Goal of the exercise
Transcribe every entry exactly, with nothing added or left out.

-- Dataset records follows --

lemma continuous_on_pinch_coordinate:
  assumes n: "n \<ge> 1"
  shows "continuous_on (hawaiian_earring n) (\<lambda>p. pinch_left n p j)"
    "continuous_on (hawaiian_earring n) (\<lambda>p. pinch_right n p j)"
proof -
  let ?H = "hawaiian_earring n"
  have FmH: "continuous_on {x \<in> ?H \<inter> halfspace. Q x} (\<lambda>p. pinch_point n p j)" for Q
    by (rule continuous_on_subset[OF continuous_on_pinch_point]) auto
  have c1: "continuous_on (?H \<inter> halfspace) (\<lambda>p. pinch_left n p j)"
  proof -
    have "continuous_on (?H \<inter> halfspace) (\<lambda>p. if p 1 \<le> 0 then pinch_point n p j else 0)"
      by (rule continuous_on_cases_le[OF FmH continuous_on_const]) (auto intro: continuous_intros pinch_point_coordinate_zero)
    then show ?thesis
      by (rule continuous_on_eq) (auto simp: pinch_left_def halfspace_def hbase_def)
  qed
  have c2: "continuous_on (?H \<inter> halfspace) (\<lambda>p. pinch_right n p j)"
  proof -
    have "continuous_on (?H \<inter> halfspace) (\<lambda>p. if - p 1 \<le> 0 then pinch_point n p j else 0)"
      by (rule continuous_on_cases_le[OF FmH continuous_on_const]) (auto intro: continuous_intros pinch_point_coordinate_zero)
    then show ?thesis
      by (rule continuous_on_eq) (auto simp: pinch_right_def halfspace_def hbase_def)
  qed
  have bd: "\<bar>pinch_left n p j\<bar> \<le> sqrt (sqrt (64 * sqnorm n p))" "\<bar>pinch_right n p j\<bar> \<le> sqrt (sqrt (64 * sqnorm n p))"
    if "p \<in> ?H" for p
  proof -
    have "p \<noteq> hbase" if "0 < p 0" using that by (auto simp: hbase_def)
    moreover have "0 \<le> sqnorm n p" by (simp add: sqnorm_def sum_nonneg)
    ultimately show "\<bar>pinch_left n p j\<bar> \<le> sqrt (sqrt (64 * sqnorm n p))" "\<bar>pinch_right n p j\<bar> \<le> sqrt (sqrt (64 * sqnorm n p))"
      using pinch_point_bound_hawaiian_earring[OF n \<open>p \<in> ?H\<close>] by (auto simp: pinch_left_def pinch_right_def hbase_def)
  qed
  have g: "isCont (\<lambda>p. sqrt (sqrt (64 * sqnorm n p))) hbase"
    using continuous_on_sqnorm[of UNIV n] by (intro continuous_intros) (simp add: continuous_on_eq_continuous_at)
  have off: "?H - halfspace \<subseteq> {hbase}" using hawaiian_earring_halfspace by blast
  show "continuous_on ?H (\<lambda>p. pinch_left n p j)"
    by (rule continuous_on_dominated_at_point[OF open_halfspace off c1 _ _ g])
      (auto simp: pinch_hbase_coordinate sqnorm_hbase bd(1))
  show "continuous_on ?H (\<lambda>p. pinch_right n p j)"
    by (rule continuous_on_dominated_at_point[OF open_halfspace off c2 _ _ g])
      (auto simp: pinch_hbase_coordinate sqnorm_hbase bd(2))
qed

lemma continuous_map_pinch:
  assumes n: "n \<ge> 1"
  shows "continuous_map (HE n) (HE n) (pinch_left n)" "continuous_map (HE n) (HE n) (pinch_right n)"
proof -
  have "continuous_on (hawaiian_earring n) (pinch_left n)" "continuous_on (hawaiian_earring n) (pinch_right n)"
    using continuous_on_pinch_coordinate[OF n] by (auto intro: continuous_on_coordinatewise_then_product)
  then show "continuous_map (HE n) (HE n) (pinch_left n)" "continuous_map (HE n) (HE n) (pinch_right n)"
    unfolding HE_def continuous_map_in_subtopology using pinch_in_hawaiian_earring[OF n] by auto
qed

section \<open>Concatenation respects homotopy\<close>

lemma closedin_hbase: "closedin (HE n) {hbase}"
proof -
  have "closedin (HE n) (hawaiian_earring n \<inter> {hbase})"
    unfolding HE_def by (rule closedin_closed_Int) simp
  then show ?thesis using hbase_in_hawaiian_earring[of n] by (simp add: Int_absorb1)
qed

-- Dataset records concluded --

Expected answer
lemma continuous_on_pinch_coordinate:
  assumes n: "n \<ge> 1"
  shows "continuous_on (hawaiian_earring n) (\<lambda>p. pinch_left n p j)"
    "continuous_on (hawaiian_earring n) (\<lambda>p. pinch_right n p j)"
proof -
  let ?H = "hawaiian_earring n"
  have FmH: "continuous_on {x \<in> ?H \<inter> halfspace. Q x} (\<lambda>p. pinch_point n p j)" for Q
    by (rule continuous_on_subset[OF continuous_on_pinch_point]) auto
  have c1: "continuous_on (?H \<inter> halfspace) (\<lambda>p. pinch_left n p j)"
  proof -
    have "continuous_on (?H \<inter> halfspace) (\<lambda>p. if p 1 \<le> 0 then pinch_point n p j else 0)"
      by (rule continuous_on_cases_le[OF FmH continuous_on_const]) (auto intro: continuous_intros pinch_point_coordinate_zero)
    then show ?thesis
      by (rule continuous_on_eq) (auto simp: pinch_left_def halfspace_def hbase_def)
  qed
  have c2: "continuous_on (?H \<inter> halfspace) (\<lambda>p. pinch_right n p j)"
  proof -
    have "continuous_on (?H \<inter> halfspace) (\<lambda>p. if - p 1 \<le> 0 then pinch_point n p j else 0)"
      by (rule continuous_on_cases_le[OF FmH continuous_on_const]) (auto intro: continuous_intros pinch_point_coordinate_zero)
    then show ?thesis
      by (rule continuous_on_eq) (auto simp: pinch_right_def halfspace_def hbase_def)
  qed
  have bd: "\<bar>pinch_left n p j\<bar> \<le> sqrt (sqrt (64 * sqnorm n p))" "\<bar>pinch_right n p j\<bar> \<le> sqrt (sqrt (64 * sqnorm n p))"
    if "p \<in> ?H" for p
  proof -
    have "p \<noteq> hbase" if "0 < p 0" using that by (auto simp: hbase_def)
    moreover have "0 \<le> sqnorm n p" by (simp add: sqnorm_def sum_nonneg)
    ultimately show "\<bar>pinch_left n p j\<bar> \<le> sqrt (sqrt (64 * sqnorm n p))" "\<bar>pinch_right n p j\<bar> \<le> sqrt (sqrt (64 * sqnorm n p))"
      using pinch_point_bound_hawaiian_earring[OF n \<open>p \<in> ?H\<close>] by (auto simp: pinch_left_def pinch_right_def hbase_def)
  qed
  have g: "isCont (\<lambda>p. sqrt (sqrt (64 * sqnorm n p))) hbase"
    using continuous_on_sqnorm[of UNIV n] by (intro continuous_intros) (simp add: continuous_on_eq_continuous_at)
  have off: "?H - halfspace \<subseteq> {hbase}" using hawaiian_earring_halfspace by blast
  show "continuous_on ?H (\<lambda>p. pinch_left n p j)"
    by (rule continuous_on_dominated_at_point[OF open_halfspace off c1 _ _ g])
      (auto simp: pinch_hbase_coordinate sqnorm_hbase bd(1))
  show "continuous_on ?H (\<lambda>p. pinch_right n p j)"
    by (rule continuous_on_dominated_at_point[OF open_halfspace off c2 _ _ g])
      (auto simp: pinch_hbase_coordinate sqnorm_hbase bd(2))
qed

lemma continuous_map_pinch:
  assumes n: "n \<ge> 1"
  shows "continuous_map (HE n) (HE n) (pinch_left n)" "continuous_map (HE n) (HE n) (pinch_right n)"
proof -
  have "continuous_on (hawaiian_earring n) (pinch_left n)" "continuous_on (hawaiian_earring n) (pinch_right n)"
    using continuous_on_pinch_coordinate[OF n] by (auto intro: continuous_on_coordinatewise_then_product)
  then show "continuous_map (HE n) (HE n) (pinch_left n)" "continuous_map (HE n) (HE n) (pinch_right n)"
    unfolding HE_def continuous_map_in_subtopology using pinch_in_hawaiian_earring[OF n] by auto
qed

section \<open>Concatenation respects homotopy\<close>

lemma closedin_hbase: "closedin (HE n) {hbase}"
proof -
  have "closedin (HE n) (hawaiian_earring n \<inter> {hbase})"
    unfolding HE_def by (rule closedin_closed_Int) simp
  then show ?thesis using hbase_in_hawaiian_earring[of n] by (simp add: Int_absorb1)
qed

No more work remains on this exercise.